Re: design question? or puzzle?

> ...
>>> First, consider a simple grammar for arithmetic expressions:
>>> expression: sum.
>>> sum: product+addop.
>>> product: factor+mulop.
>>> factor: number; identifier; ‘(‘, expression, ‘).
>>> addop: ‘+’; ‘-‘.
>>> mulop: ‘/‘; ‘*’; ‘×’; ‘÷’.
>>> …
>>> An XML representation of this, as an ixml parser would produce it, works nicely to exhibit the structure of an expression like 2 x^3 + 17 x^2 -5x + 7:
> The above grammar neither recognises this expression, nor produces the following serialisation, since it doesn't accept an implicit multiply sign, nor convert x^2 to x x.

True; I was being sloppy.

>> …  you can elide all of the unnecessary bits: you never need product or factor, since they are there for syntactic reasons, not semantic:
> expression: expr. 
> -expr: term; sum.
> sum: term, "+", term+"+".
> -term: factor; prod.
> prod: factor, "×", factor+"×".
> -factor: id; number; "(", expr, ")".
> id: ["a"-"z"]+.
> number: ["0"-"9"]+, (".", ["0"-"9"]+)?.
> would give
> <expression><number>3</number></expression>

After hitting Send on my original mail (amazing to me, how hitting Send suddenly produces spurts of creative ideas on how to solve the problem you’ve just asked other people for help with), I ended up with the following.  It may be possible to automate this, but it might be tricky in the general case.

      -expression:  Xsum.
      -Xsum:  sum; ghost-sum. 
      sum:  Xproduct, addop, Xproduct+addop. 
      -ghost-sum:  Xproduct. 
      -Xproduct:  product; ghost-product. 
      product:  factor, multop, factor+mulop. 
      -ghost-product:  factor. 
      -factor:  number; identifier; ‘(‘, expression, ‘).
      addop:  ‘+’; ‘-‘.
      mulop: ‘/‘; ‘*’; ‘×’; ‘÷’.

This can be derived systematically thus:

1 Every nonterminal in the original grammar that never takes more than one child is marked - (that is expression and factor).

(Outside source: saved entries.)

lemma minimizing_sequence_Cauchy:
  assumes convex: "\<And>x y. x \<in> A \<Longrightarrow> y \<in> A \<Longrightarrow> smul (1/2) (x + y) \<in> A"
    and lower: "\<And>x. x \<in> A \<Longrightarrow> m \<le> cnorm ip x" and "0 \<le> m"
    and X: "\<And>n. X n \<in> A" "\<And>n. (cnorm ip (X n))\<^sup>2 < m\<^sup>2 + inverse (real (Suc n))"
  shows "\<forall>\<epsilon>>0. \<exists>N. \<forall>n\<ge>N. \<forall>k\<ge>N. cnorm ip (X n - X k) < \<epsilon>"
proof (intro allI impI)
  fix \<epsilon> :: real
  assume "0 < \<epsilon>"
  \<comment> \<open>parallelogram law, with \<open>\<parallel>X n + X k\<parallel> \<ge> 2 m\<close> because the midpoint lies in \<open>A\<close>\<close>
  have diff_le: "(cnorm ip (X n - X k))\<^sup>2 \<le> 2 * inverse (real (Suc n)) + 2 * inverse (real (Suc k))"
    for n k
  proof -
    have "m \<le> cnorm ip (smul (1/2) (X n + X k))"
      using convex X lower by blast
    then have "(2 * m)\<^sup>2 \<le> (cnorm ip (X n + X k))\<^sup>2"
      using \<open>0 \<le> m\<close> by (intro power_mono) (auto simp: cnorm_smul)
    then show ?thesis
      using parallelogram[of "X n" "X k"] X(2)[of n] X(2)[of k] by (simp add: power_mult_distrib)
  qed
  obtain N :: nat where N: "4 / \<epsilon>\<^sup>2 < real (Suc N)"
    using reals_Archimedean2 by (metis less_Suc_eq less_trans lessI of_nat_less_iff)
  have "cnorm ip (X n - X k) < \<epsilon>" if "N \<le> n" "N \<le> k" for n k
  proof -
    have "inverse (real (Suc n)) \<le> inverse (real (Suc N))" "inverse (real (Suc k)) \<le> inverse (real (Suc N))"
      using that by (simp_all add: le_imp_inverse_le)
    moreover have "4 * inverse (real (Suc N)) < \<epsilon>\<^sup>2"
      using N \<open>0 < \<epsilon>\<close> by (simp add: field_simps)
    ultimately have "(cnorm ip (X n - X k))\<^sup>2 < \<epsilon>\<^sup>2"
      using diff_le[of n k] by linarith
    then show ?thesis
      using \<open>0 < \<epsilon>\<close> by (simp add: power_less_imp_less_base)
  qed
  then show "\<exists>N. \<forall>n\<ge>N. \<forall>k\<ge>N. cnorm ip (X n - X k) < \<epsilon>"
    by blast
qed

context
  fixes \<psi> :: "'c \<Rightarrow> real"
  assumes psi_add: "\<And>c d. \<psi> (c + d) = \<psi> c + \<psi> d"
    and psi_smul: "\<And>a c. \<psi> (smul a c) = a * \<psi> c"
begin

lemma psi_diff: "\<psi> (c - d) = \<psi> c - \<psi> d"
  using psi_add[of "c - d" d] by simp

lemma min_norm_point_exists:
  assumes bound: "\<And>c. \<bar>\<psi> c\<bar> \<le> K * cnorm ip c" and "\<psi> x0 \<noteq> 0"
  obtains L where "\<psi> L = 1" and "\<And>x. \<psi> x = 1 \<Longrightarrow> cnorm ip L \<le> cnorm ip x"
proof -
  define A where "A = {x. \<psi> x = 1}"
  define m where "m = Inf (cnorm ip ` A)"
  have "smul (1 / \<psi> x0) x0 \<in> A"
    using \<open>\<psi> x0 \<noteq> 0\<close> by (simp add: A_def psi_smul)
  then have "A \<noteq> {}"
    by blast
  have m_le: "m \<le> cnorm ip x" if "x \<in> A" for x
    unfolding m_def using that by (intro cInf_lower bdd_belowI2[of _ 0]) (auto simp: cnorm_nonneg)
  have "0 \<le> m"
    unfolding m_def using \<open>A \<noteq> {}\<close> by (intro cInf_greatest) (auto simp: cnorm_nonneg)
  obtain X where X: "\<And>n. X n \<in> A" "\<And>n. (cnorm ip (X n))\<^sup>2 < m\<^sup>2 + inverse (real (Suc n))"
    using minimizing_sequence_exists[OF \<open>A \<noteq> {}\<close>] unfolding m_def by blast
  have convex: "smul (1/2) (x + y) \<in> A" if "x \<in> A" "y \<in> A" for x y
    using that by (simp add: A_def psi_smul psi_add)
  have "\<forall>\<epsilon>>0. \<exists>N. \<forall>n\<ge>N. \<forall>k\<ge>N. cnorm ip (X n - X k) < \<epsilon>"
    using minimizing_sequence_Cauchy[OF convex m_le \<open>0 \<le> m\<close> X] by blast
  then obtain L where L: "(\<lambda>n. cnorm ip (X n - L)) \<longlonglongrightarrow> 0"
    using Cauchy_converges by blast
  have "\<forall>\<^sub>F n in sequentially. norm (\<psi> (X n) - \<psi> L) \<le> K * cnorm ip (X n - L)"
    using bound by (simp add: psi_diff[symmetric])
  then have "(\<lambda>n. \<psi> (X n) - \<psi> L) \<longlonglongrightarrow> 0"
    by (rule Lim_null_comparison[OF _ tendsto_mult_right_zero[OF L]])
  moreover have "\<psi> (X n) = 1" for n
    using X(1) by (simp add: A_def)
  ultimately have "\<psi> L = 1"
    by (simp add: LIM_zero_iff LIMSEQ_const_iff)
  have "(\<lambda>n. (cnorm ip (X n))\<^sup>2) \<longlonglongrightarrow> (cnorm ip L)\<^sup>2"
    by (intro tendsto_intros tendsto_cnorm L)
  moreover have "(\<lambda>n. m\<^sup>2 + inverse (real (Suc n))) \<longlonglongrightarrow> m\<^sup>2 + 0"
    by (intro tendsto_intros LIMSEQ_inverse_real_of_nat)
  ultimately have "(cnorm ip L)\<^sup>2 \<le> m\<^sup>2"
    using X(2) by (intro LIMSEQ_le[of _ _ "\<lambda>n. m\<^sup>2 + inverse (real (Suc n))"]) (auto intro: less_imp_le)
  then have "cnorm ip L \<le> m"
    using \<open>0 \<le> m\<close> by (rule power2_le_imp_le)
  then show ?thesis
    using that \<open>\<psi> L = 1\<close> m_le by (force simp: A_def)
qed

lemma min_norm_point_orthogonal:
  assumes "\<psi> L = 1" and min: "\<And>x. \<psi> x = 1 \<Longrightarrow> cnorm ip L \<le> cnorm ip x" and "\<psi> n = 0"
  shows "ip_re L n = 0"
proof -
  define \<rho> where "\<rho> = ip_re L n"
  define N where "N = (cnorm ip n)\<^sup>2"
  define s where "s = - \<rho> / (N + 1)"
  have "0 \<le> N"
    by (simp add: N_def)
  \<comment> \<open>\<open>L + s n\<close> lies on the same level set, so its norm cannot be smaller than that of \<open>L\<close>\<close>
  have "cnorm ip L \<le> cnorm ip (L + smul s n)"
    using assms by (intro min) (simp add: psi_add psi_smul)
  then have "(cnorm ip L)\<^sup>2 \<le> (cnorm ip (L + smul s n))\<^sup>2"
    using cnorm_nonneg by (simp add: power_mono)
  then have "0 \<le> s\<^sup>2 * N + 2 * s * \<rho>"
    by (simp add: cnorm_add_power2_ip_re cnorm_smul ip_re_smul_right power_mult_distrib N_def \<rho>_def)
  moreover have "\<rho> = - s * (N + 1)"
    using \<open>0 \<le> N\<close> by (simp add: s_def field_simps)
  ultimately have "s\<^sup>2 * (N + 2) \<le> 0"
    by (simp add: power2_eq_square algebra_simps)
  then have "s = 0"
    using \<open>0 \<le> N\<close> by (simp add: mult_le_0_iff)
  then show ?thesis
    using \<open>\<rho> = - s * (N + 1)\<close> by (simp add: \<rho>_def)
qed

lemma riesz_representation_real:
  assumes bound: "\<And>c. \<bar>\<psi> c\<bar> \<le> K * cnorm ip c"
  obtains z where "\<And>c. \<psi> c = ip_re c z"
proof (cases "\<forall>c. \<psi> c = 0")
  case True
  then show ?thesis
    by (intro that[of 0]) (simp add: ip_re_def qRe_def)
next
  case False
  then obtain L where L: "\<psi> L = 1" "\<And>x. \<psi> x = 1 \<Longrightarrow> cnorm ip L \<le> cnorm ip x"
    using min_norm_point_exists[OF bound] by blast
  have "L \<noteq> 0"
    using L(1) psi_diff[of 0 0] by auto
  then have "cnorm ip L \<noteq> 0"
    by (simp add: cnorm_eq_0_iff)
  have "\<psi> c = ip_re c (smul (1 / (cnorm ip L)\<^sup>2) L)" for c
  proof -
    have "ip_re L (c - smul (\<psi> c) L) = 0"
      using L by (intro min_norm_point_orthogonal) (auto simp: psi_diff psi_smul)
    then have "ip_re L c = \<psi> c * (cnorm ip L)\<^sup>2"
      by (simp add: ip_re_diff_right ip_re_smul_right ip_re_self)
    then show ?thesis
      using \<open>cnorm ip L \<noteq> 0\<close> by (simp add: ip_re_smul_right ip_re_commute[of c L])
  qed
  then show ?thesis
    using that by blast
qed

end

lemma riesz_representation:
  fixes \<phi> :: "'c \<Rightarrow> quat"
  assumes add: "\<And>c d. \<phi> (c + d) = \<phi> c + \<phi> d"
    and rm: "\<And>a c. \<phi> (rm a c) = qmul (\<phi> c) a"
    and bound: "\<And>c. norm (\<phi> c) \<le> K * cnorm ip c"
  obtains z where "\<And>c. \<phi> c = ip c z"
proof -
  \<comment> \<open>a quaternion is determined by the real parts of its right multiples\<close>
  obtain z where z: "\<And>c. qRe (\<phi> c) = ip_re c z"
  proof (rule riesz_representation_real[of "\<lambda>c. qRe (\<phi> c)"])
    show "qRe (\<phi> (c + d)) = qRe (\<phi> c) + qRe (\<phi> d)" for c d
      by (simp add: add qRe_add)
    show "qRe (\<phi> (smul a c)) = a * qRe (\<phi> c)" for a c
      by (simp add: smul_def rm qmul_qreal_right qRe_scaleR)
    show "\<bar>qRe (\<phi> c)\<bar> \<le> K * cnorm ip c" for c
      using bound[of c] abs_qRe_le_norm order_trans by blast
  qed blast
  have "\<phi> c = ip c z" for c
  proof -
    define q where "q = \<phi> c - ip c z"
    have "qRe (qmul q (qcnj q)) = 0"
      using z[of "rm (qcnj q) c"] by (simp add: q_def qmul_diff_left qRe_diff rm ip_re_def ip_rm_left)
    then have "norm q = 0"
      by (simp add: qmul_qcnj_self)
    then show ?thesis
      by (simp add: q_def)
  qed
  then show ?thesis
    using that by blast
qed

lemma qbounded_op_add: "qbounded_op rm ip T \<Longrightarrow> T (c + d) = T c + T d"
  by (simp add: qbounded_op_def)

lemma qbounded_op_rm: "qbounded_op rm ip T \<Longrightarrow> T (rm a c) = rm a (T c)"
  unfolding qbounded_op_def by blast

lemma qbounded_op_bound:
  assumes "qbounded_op rm ip T"
  obtains K where "\<And>c. cnorm ip (T c) \<le> K * cnorm ip c"
proof -
  have "\<exists>K. \<forall>c. cnorm ip (T c) \<le> K * cnorm ip c"
    using assms by (simp add: qbounded_op_def)
  then show ?thesis
    using that by blast
qed

lemma ip_qadjoint:
  assumes T: "qbounded_op rm ip T"
  shows "ip (T c) d = ip c (qadjoint ip T d)"
proof -
  obtain K where K: "\<And>c. cnorm ip (T c) \<le> K * cnorm ip c"
    using qbounded_op_bound[OF T] by blast
  have "\<exists>e. \<forall>c. ip (T c) d = ip c e" for d
  proof -
    have "norm (ip (T c) d) \<le> (K * cnorm ip d) * cnorm ip c" for c
    proof -
      have "norm (ip (T c) d) \<le> cnorm ip (T c) * cnorm ip d"
        by (rule norm_ip_le)
      also have "\<dots> \<le> K * cnorm ip c * cnorm ip d"
        by (rule mult_right_mono[OF K cnorm_nonneg])
      finally show ?thesis
        by (simp add: ac_simps)
    qed
    then show ?thesis
      using riesz_representation[of "\<lambda>c. ip (T c) d"]
      by (metis T qbounded_op_add qbounded_op_rm ip_add_left ip_rm_left)
  qed
  then obtain S where S: "\<And>c d. ip (T c) d = ip c (S d)"
    by metis
  have unique: "S' = S" if "\<forall>c d. ip (T c) d = ip c (S' d)" for S'
  proof
    fix d
    have "ip (S' d - S d) (S' d - S d) = 0"
      using that S by (simp add: ip_diff_right)
    then have "S' d - S d = 0"
      by (rule ip_self_eq_0)
    then show "S' d = S d"
      by simp
  qed
  have "\<forall>c d. ip (T c) d = ip c (qadjoint ip T d)"
    unfolding qadjoint_def by (rule theI[of _ S]) (use S unique in blast)+
  then show ?thesis
    by blast
qed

2 For every nonterminal N that can take one or more children, first all right-hand side references to N are changed to read XN, and then the rule for N is split into three rules: one (named N) for the case of two or more children, one (here named ghost-N) for the single-child case, and one (here named XN) which is defined a either N or ghost-N.  

This is just cumbersome enough that in many cases I think I will prefer to parse using the original grammar and then post-process using XSLT (as Liam suggested in the first place).  But if for some reason that’s not a good option, and I really want the parser to produce trees without unit rules, then it’s nice to know that there is a way to do it ‘in the camera’, as Tom put it, rather than only ‘in the darkroom’.


C. M. Sperberg-McQueen
Black Mesa Technologies LLC

Received on Wednesday, 14 April 2021 01:20:20 UTC